Saved data entries:
****
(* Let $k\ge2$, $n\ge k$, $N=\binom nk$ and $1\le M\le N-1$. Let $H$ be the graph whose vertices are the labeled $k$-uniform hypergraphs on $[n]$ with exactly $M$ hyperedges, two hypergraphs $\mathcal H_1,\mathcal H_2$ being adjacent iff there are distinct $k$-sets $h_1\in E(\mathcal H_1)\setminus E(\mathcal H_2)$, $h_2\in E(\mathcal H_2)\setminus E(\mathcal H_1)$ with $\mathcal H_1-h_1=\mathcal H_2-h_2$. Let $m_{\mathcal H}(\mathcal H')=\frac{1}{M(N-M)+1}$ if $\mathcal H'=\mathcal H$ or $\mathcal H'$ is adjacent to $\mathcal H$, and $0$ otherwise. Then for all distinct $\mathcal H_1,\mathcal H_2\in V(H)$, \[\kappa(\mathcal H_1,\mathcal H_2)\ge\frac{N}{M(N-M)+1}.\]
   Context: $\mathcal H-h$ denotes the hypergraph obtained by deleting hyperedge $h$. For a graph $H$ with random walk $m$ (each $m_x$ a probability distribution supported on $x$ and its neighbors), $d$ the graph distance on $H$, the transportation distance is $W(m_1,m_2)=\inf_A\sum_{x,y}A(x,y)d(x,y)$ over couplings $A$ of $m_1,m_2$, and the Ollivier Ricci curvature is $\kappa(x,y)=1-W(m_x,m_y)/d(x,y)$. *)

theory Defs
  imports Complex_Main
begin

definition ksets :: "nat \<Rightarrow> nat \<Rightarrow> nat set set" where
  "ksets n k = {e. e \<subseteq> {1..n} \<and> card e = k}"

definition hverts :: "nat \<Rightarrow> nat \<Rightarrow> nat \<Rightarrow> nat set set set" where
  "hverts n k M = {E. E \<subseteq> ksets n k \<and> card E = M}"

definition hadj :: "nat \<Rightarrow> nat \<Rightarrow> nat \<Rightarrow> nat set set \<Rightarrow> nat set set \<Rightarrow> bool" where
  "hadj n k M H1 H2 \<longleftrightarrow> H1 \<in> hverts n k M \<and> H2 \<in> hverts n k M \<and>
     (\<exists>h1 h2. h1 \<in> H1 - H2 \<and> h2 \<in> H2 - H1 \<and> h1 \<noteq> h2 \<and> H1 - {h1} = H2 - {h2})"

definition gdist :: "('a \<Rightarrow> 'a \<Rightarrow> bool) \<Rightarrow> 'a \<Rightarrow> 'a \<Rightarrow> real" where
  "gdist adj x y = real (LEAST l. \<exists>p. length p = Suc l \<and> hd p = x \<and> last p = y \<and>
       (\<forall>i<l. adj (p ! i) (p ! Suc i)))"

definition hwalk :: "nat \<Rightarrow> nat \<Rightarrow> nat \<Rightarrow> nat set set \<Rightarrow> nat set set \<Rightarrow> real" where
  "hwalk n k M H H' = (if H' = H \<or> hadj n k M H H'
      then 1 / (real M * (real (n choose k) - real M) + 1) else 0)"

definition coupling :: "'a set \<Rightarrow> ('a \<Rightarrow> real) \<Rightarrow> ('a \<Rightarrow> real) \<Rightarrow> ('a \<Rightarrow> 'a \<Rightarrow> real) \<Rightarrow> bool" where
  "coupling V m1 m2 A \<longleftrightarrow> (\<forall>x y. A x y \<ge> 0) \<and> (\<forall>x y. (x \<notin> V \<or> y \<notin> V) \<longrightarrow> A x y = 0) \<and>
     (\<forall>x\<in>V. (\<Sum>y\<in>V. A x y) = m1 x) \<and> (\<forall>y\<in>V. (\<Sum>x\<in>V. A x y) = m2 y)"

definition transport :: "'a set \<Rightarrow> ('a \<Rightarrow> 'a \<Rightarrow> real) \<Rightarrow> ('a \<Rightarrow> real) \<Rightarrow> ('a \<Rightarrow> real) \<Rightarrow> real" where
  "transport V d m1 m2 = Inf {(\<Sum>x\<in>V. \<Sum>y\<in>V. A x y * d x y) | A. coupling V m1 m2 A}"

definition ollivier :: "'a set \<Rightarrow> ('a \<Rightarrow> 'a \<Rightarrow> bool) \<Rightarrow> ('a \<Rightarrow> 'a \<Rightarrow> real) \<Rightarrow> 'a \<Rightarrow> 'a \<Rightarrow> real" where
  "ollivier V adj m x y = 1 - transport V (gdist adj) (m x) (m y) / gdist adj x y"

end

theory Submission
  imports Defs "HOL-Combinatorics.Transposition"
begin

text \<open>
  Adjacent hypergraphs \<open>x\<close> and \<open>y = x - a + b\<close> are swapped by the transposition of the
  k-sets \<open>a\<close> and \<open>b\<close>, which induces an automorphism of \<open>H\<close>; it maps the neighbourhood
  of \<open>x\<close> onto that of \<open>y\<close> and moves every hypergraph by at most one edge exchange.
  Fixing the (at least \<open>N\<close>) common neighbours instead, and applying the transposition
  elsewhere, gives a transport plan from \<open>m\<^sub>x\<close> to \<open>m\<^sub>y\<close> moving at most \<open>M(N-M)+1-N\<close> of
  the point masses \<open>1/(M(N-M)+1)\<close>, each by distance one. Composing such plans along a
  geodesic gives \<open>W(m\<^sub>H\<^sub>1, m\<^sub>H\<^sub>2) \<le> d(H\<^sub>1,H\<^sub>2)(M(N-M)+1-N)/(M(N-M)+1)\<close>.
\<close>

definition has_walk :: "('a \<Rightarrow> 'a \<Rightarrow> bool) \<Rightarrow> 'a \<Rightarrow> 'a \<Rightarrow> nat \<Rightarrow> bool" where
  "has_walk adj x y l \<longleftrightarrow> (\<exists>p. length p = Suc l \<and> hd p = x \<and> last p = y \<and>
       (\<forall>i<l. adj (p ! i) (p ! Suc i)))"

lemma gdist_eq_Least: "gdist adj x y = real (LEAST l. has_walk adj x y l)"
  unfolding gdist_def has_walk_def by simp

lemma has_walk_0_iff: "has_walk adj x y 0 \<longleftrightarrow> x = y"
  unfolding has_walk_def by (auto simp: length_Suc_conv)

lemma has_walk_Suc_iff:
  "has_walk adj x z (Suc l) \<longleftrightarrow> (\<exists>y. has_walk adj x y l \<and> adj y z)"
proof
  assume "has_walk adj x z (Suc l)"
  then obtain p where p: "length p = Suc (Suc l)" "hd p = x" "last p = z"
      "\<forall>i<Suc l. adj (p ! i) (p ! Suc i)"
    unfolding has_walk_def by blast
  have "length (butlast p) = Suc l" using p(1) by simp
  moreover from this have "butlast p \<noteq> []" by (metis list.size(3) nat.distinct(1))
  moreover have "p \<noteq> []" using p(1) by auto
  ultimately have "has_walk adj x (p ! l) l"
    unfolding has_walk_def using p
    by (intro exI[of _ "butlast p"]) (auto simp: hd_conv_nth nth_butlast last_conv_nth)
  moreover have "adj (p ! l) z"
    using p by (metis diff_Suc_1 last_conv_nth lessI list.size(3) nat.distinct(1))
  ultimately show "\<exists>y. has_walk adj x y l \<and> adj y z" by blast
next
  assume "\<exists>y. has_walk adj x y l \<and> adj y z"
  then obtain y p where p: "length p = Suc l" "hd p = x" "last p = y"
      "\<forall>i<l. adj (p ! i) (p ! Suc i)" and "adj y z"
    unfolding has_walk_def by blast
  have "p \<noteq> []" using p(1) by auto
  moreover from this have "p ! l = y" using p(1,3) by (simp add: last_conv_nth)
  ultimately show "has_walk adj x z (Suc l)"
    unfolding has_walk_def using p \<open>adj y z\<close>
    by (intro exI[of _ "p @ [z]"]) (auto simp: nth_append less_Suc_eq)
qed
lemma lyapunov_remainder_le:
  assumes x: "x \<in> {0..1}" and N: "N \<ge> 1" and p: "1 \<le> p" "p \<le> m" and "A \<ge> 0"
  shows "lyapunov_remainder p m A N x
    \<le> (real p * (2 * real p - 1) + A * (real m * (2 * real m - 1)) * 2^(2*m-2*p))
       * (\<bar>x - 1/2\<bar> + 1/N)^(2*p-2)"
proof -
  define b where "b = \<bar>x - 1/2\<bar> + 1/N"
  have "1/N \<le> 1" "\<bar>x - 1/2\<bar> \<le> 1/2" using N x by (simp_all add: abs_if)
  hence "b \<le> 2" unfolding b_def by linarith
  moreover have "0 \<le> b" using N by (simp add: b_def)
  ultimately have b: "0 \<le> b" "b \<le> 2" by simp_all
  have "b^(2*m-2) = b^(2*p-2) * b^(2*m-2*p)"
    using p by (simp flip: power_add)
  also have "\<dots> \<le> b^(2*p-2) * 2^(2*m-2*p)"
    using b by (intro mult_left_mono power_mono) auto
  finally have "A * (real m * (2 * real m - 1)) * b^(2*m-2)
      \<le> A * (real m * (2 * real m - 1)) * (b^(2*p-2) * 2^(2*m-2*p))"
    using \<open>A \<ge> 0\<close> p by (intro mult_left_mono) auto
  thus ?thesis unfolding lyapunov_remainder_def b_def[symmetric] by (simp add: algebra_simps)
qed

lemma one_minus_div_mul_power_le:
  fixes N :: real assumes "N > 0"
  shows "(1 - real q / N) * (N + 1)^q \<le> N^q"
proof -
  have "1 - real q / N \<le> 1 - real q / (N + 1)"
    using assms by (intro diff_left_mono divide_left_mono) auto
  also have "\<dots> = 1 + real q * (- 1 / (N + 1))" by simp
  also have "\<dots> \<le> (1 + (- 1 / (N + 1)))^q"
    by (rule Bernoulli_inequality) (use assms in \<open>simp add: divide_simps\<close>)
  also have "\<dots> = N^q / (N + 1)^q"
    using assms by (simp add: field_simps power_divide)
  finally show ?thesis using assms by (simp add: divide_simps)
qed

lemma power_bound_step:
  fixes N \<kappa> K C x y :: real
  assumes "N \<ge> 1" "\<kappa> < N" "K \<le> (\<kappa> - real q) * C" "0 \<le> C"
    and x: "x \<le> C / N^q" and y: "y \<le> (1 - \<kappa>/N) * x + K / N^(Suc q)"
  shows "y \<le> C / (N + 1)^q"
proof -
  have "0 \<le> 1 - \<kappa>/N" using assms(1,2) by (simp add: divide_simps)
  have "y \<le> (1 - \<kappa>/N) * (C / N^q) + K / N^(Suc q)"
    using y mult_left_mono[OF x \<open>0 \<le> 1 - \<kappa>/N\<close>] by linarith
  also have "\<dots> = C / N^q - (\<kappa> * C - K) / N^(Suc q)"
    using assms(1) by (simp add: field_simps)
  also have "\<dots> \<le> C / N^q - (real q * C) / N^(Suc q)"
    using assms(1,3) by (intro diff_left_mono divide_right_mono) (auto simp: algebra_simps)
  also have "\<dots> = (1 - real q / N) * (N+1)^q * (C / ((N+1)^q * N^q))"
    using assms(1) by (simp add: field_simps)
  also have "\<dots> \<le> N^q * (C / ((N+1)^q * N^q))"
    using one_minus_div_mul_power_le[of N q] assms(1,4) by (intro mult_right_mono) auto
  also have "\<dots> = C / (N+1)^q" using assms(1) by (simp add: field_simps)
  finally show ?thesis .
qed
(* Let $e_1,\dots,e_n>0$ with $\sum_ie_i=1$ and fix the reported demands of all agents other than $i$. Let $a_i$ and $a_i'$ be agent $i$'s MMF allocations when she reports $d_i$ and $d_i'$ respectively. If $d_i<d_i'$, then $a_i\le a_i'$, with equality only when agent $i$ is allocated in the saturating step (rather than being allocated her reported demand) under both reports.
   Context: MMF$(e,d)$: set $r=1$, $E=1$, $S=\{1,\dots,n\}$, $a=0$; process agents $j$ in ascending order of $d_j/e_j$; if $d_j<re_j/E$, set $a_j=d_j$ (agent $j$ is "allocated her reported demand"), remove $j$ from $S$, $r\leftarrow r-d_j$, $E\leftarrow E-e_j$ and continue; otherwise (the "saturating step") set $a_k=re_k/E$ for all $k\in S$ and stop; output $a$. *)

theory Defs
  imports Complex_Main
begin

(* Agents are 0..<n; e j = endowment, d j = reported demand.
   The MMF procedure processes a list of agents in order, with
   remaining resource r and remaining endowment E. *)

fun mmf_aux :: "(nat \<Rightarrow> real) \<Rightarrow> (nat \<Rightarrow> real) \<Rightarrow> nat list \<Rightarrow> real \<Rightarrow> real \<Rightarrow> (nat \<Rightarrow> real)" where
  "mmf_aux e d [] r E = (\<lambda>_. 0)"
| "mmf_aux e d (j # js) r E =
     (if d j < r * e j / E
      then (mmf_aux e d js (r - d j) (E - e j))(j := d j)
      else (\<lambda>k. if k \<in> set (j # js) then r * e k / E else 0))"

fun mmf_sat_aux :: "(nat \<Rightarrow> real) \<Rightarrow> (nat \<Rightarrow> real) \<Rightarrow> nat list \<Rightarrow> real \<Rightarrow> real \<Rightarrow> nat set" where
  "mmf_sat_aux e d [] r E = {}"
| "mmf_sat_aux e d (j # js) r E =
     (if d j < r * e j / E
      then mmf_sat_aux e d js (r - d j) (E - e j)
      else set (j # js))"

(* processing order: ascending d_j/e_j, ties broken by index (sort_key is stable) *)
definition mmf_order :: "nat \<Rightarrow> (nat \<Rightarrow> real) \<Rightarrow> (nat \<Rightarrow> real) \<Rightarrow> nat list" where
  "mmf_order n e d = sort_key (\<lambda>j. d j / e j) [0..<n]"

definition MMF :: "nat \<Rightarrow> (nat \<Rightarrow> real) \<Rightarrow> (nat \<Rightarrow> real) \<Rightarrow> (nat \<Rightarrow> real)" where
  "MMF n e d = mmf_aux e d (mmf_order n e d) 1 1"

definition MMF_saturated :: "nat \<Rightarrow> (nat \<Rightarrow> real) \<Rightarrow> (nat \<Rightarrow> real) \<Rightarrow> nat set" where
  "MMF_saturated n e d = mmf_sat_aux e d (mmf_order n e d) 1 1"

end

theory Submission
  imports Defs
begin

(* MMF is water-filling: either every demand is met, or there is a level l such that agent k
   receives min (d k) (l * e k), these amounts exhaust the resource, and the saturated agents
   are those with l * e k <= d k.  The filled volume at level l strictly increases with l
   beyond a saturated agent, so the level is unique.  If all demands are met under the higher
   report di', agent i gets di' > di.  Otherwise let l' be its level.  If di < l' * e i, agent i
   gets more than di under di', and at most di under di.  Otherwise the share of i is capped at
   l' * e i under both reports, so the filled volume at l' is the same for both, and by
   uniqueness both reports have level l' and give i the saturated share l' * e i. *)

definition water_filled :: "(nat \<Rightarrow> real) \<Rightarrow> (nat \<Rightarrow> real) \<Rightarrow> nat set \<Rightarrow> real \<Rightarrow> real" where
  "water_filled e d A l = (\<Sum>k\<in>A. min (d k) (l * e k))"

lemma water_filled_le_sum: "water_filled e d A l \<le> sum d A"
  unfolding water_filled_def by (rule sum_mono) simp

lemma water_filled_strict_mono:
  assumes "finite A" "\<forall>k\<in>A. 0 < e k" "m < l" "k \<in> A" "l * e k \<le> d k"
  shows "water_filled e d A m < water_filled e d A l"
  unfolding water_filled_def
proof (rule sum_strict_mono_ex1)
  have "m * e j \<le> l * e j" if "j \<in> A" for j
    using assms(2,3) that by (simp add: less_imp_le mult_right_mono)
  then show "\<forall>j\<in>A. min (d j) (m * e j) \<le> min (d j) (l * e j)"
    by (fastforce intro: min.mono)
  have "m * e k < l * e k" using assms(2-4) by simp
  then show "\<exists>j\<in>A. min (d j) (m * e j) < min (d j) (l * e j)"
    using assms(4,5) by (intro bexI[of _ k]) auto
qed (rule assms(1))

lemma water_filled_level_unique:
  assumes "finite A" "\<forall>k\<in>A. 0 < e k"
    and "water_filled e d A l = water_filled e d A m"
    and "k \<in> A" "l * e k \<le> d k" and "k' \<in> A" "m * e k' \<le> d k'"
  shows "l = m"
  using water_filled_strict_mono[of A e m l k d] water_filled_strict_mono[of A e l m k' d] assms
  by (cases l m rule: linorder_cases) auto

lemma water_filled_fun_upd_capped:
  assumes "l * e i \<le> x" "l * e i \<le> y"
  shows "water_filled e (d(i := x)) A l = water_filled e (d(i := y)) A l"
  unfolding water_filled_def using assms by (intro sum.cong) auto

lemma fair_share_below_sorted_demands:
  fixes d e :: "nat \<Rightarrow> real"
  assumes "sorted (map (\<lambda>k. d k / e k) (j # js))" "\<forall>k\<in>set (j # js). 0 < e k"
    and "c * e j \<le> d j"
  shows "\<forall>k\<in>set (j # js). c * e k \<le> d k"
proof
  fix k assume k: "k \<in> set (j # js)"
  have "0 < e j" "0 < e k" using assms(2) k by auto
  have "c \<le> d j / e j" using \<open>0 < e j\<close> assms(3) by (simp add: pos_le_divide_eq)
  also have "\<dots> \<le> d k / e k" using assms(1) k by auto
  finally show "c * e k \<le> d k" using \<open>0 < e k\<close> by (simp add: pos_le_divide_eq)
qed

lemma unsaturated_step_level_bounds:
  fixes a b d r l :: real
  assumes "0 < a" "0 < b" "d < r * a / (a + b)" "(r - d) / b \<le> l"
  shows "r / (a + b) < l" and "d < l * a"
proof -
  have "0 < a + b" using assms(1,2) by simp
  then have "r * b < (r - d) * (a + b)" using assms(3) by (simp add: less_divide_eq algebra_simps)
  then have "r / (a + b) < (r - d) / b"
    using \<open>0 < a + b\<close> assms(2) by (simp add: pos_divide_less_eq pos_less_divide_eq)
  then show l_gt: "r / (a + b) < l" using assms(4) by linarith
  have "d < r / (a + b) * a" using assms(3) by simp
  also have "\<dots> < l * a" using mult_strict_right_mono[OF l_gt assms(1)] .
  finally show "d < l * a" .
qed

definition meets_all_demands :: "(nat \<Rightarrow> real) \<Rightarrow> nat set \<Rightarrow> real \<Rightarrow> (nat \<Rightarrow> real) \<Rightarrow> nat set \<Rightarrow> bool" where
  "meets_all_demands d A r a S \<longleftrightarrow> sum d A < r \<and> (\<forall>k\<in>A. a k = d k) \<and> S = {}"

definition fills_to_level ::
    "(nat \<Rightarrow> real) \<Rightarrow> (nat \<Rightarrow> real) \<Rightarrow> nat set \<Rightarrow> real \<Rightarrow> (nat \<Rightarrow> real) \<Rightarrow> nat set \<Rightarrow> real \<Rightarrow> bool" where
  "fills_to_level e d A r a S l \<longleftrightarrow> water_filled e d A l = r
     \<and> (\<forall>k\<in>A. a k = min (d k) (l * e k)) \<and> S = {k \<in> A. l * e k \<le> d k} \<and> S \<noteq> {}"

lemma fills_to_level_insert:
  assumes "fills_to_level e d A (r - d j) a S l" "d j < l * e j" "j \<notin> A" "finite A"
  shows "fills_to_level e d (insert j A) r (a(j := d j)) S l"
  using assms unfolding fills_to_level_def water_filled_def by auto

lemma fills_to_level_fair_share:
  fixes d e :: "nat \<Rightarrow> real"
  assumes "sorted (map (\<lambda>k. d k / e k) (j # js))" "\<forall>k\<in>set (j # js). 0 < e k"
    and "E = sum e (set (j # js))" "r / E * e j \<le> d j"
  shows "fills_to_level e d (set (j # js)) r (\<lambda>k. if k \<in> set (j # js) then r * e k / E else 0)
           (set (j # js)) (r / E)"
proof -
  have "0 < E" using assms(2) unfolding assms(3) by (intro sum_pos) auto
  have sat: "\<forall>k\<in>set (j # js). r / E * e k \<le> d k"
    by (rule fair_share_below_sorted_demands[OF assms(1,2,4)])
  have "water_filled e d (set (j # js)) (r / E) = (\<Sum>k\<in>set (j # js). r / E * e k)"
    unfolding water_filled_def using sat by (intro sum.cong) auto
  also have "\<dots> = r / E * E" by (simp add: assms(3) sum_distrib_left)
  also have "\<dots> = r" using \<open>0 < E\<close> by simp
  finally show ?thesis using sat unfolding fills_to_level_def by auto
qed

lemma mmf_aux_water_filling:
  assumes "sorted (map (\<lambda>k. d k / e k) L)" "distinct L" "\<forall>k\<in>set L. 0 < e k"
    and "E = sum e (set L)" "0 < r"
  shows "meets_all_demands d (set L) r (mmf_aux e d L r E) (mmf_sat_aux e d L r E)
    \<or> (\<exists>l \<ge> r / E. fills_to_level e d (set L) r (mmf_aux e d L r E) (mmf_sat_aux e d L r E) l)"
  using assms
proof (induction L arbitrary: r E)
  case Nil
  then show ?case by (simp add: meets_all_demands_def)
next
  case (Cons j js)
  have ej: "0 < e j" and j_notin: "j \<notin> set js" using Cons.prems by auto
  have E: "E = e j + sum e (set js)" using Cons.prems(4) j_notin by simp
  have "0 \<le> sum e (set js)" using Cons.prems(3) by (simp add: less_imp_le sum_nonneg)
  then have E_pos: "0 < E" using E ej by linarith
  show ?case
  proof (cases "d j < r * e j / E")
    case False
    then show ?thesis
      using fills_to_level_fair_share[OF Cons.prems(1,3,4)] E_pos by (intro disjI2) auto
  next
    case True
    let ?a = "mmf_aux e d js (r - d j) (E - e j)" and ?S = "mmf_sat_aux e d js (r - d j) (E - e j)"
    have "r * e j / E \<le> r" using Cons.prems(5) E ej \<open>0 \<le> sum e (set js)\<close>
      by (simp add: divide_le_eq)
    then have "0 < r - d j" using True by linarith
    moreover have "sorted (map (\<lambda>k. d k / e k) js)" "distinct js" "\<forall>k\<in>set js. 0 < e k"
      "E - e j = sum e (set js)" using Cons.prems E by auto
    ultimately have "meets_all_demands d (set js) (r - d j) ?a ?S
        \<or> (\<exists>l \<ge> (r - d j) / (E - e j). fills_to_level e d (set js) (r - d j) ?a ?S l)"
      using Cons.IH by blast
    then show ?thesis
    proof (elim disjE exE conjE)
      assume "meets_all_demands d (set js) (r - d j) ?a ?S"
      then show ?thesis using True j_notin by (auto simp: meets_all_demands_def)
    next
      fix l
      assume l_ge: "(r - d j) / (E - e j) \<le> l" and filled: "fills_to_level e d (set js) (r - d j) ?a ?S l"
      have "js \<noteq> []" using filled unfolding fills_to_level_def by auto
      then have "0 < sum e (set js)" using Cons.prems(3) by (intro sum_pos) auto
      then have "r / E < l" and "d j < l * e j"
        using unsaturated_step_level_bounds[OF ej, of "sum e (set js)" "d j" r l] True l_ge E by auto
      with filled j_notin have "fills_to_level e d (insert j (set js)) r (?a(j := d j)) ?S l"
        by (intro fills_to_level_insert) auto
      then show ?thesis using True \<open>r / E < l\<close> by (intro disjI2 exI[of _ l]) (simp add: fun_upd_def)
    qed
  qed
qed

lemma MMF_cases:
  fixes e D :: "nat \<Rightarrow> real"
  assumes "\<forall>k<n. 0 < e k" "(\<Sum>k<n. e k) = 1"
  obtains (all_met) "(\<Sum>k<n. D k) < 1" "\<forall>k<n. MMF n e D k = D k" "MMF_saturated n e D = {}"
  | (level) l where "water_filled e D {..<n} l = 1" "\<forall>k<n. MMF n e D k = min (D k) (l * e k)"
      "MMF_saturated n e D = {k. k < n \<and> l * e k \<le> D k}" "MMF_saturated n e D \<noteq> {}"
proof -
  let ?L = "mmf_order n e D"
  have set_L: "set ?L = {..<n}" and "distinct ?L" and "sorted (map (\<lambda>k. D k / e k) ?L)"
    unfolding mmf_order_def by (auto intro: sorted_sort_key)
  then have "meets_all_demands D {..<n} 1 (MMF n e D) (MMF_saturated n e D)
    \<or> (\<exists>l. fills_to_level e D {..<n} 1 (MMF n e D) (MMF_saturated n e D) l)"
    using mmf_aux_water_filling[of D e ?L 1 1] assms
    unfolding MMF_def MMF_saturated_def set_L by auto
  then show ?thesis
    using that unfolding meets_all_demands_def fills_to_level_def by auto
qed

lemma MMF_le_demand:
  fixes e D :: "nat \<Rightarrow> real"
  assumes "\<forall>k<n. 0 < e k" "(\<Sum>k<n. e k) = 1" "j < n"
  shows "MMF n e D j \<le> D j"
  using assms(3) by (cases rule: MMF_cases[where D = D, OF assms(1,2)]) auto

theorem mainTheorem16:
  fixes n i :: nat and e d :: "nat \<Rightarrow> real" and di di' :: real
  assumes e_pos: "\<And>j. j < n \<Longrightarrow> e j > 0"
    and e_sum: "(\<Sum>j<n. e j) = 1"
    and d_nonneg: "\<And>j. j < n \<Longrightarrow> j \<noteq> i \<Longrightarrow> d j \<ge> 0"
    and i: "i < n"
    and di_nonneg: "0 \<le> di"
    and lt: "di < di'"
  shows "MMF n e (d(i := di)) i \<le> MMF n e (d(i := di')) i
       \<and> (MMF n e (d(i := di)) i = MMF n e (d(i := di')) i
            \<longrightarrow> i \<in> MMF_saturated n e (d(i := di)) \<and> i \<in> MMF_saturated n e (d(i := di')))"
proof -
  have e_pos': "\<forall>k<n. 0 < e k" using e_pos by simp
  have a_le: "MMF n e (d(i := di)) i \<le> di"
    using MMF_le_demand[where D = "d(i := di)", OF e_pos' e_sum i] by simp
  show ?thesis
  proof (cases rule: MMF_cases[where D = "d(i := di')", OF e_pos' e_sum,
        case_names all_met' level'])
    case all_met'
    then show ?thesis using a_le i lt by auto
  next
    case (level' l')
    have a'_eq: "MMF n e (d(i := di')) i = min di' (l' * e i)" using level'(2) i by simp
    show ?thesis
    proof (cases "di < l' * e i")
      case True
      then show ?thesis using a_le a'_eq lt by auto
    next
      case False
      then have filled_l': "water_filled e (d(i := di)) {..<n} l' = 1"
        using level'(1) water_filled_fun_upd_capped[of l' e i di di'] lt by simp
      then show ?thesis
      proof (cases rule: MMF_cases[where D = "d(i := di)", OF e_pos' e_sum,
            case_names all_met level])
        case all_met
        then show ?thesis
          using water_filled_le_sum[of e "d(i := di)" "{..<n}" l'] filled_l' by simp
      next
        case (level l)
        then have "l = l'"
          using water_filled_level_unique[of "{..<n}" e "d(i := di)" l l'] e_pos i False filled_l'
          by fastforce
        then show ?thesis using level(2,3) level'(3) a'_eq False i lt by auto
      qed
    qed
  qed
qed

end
****
*Work order:* When a line of the records has the word "hypergraphs", pick it out and copy it.

*Result of the exercise:*
(* Let $k\ge2$, $n\ge k$, $N=\binom nk$ and $1\le M\le N-1$. Let $H$ be the graph whose vertices are the labeled $k$-uniform hypergraphs on $[n]$ with exactly $M$ hyperedges, two hypergraphs $\mathcal H_1,\mathcal H_2$ being adjacent iff there are distinct $k$-sets $h_1\in E(\mathcal H_1)\setminus E(\mathcal H_2)$, $h_2\in E(\mathcal H_2)\setminus E(\mathcal H_1)$ with $\mathcal H_1-h_1=\mathcal H_2-h_2$. Let $m_{\mathcal H}(\mathcal H')=\frac{1}{M(N-M)+1}$ if $\mathcal H'=\mathcal H$ or $\mathcal H'$ is adjacent to $\mathcal H$, and $0$ otherwise. Then for all distinct $\mathcal H_1,\mathcal H_2\in V(H)$, \[\kappa(\mathcal H_1,\mathcal H_2)\ge\frac{N}{M(N-M)+1}.\]
  Adjacent hypergraphs \<open>x\<close> and \<open>y = x - a + b\<close> are swapped by the transposition of the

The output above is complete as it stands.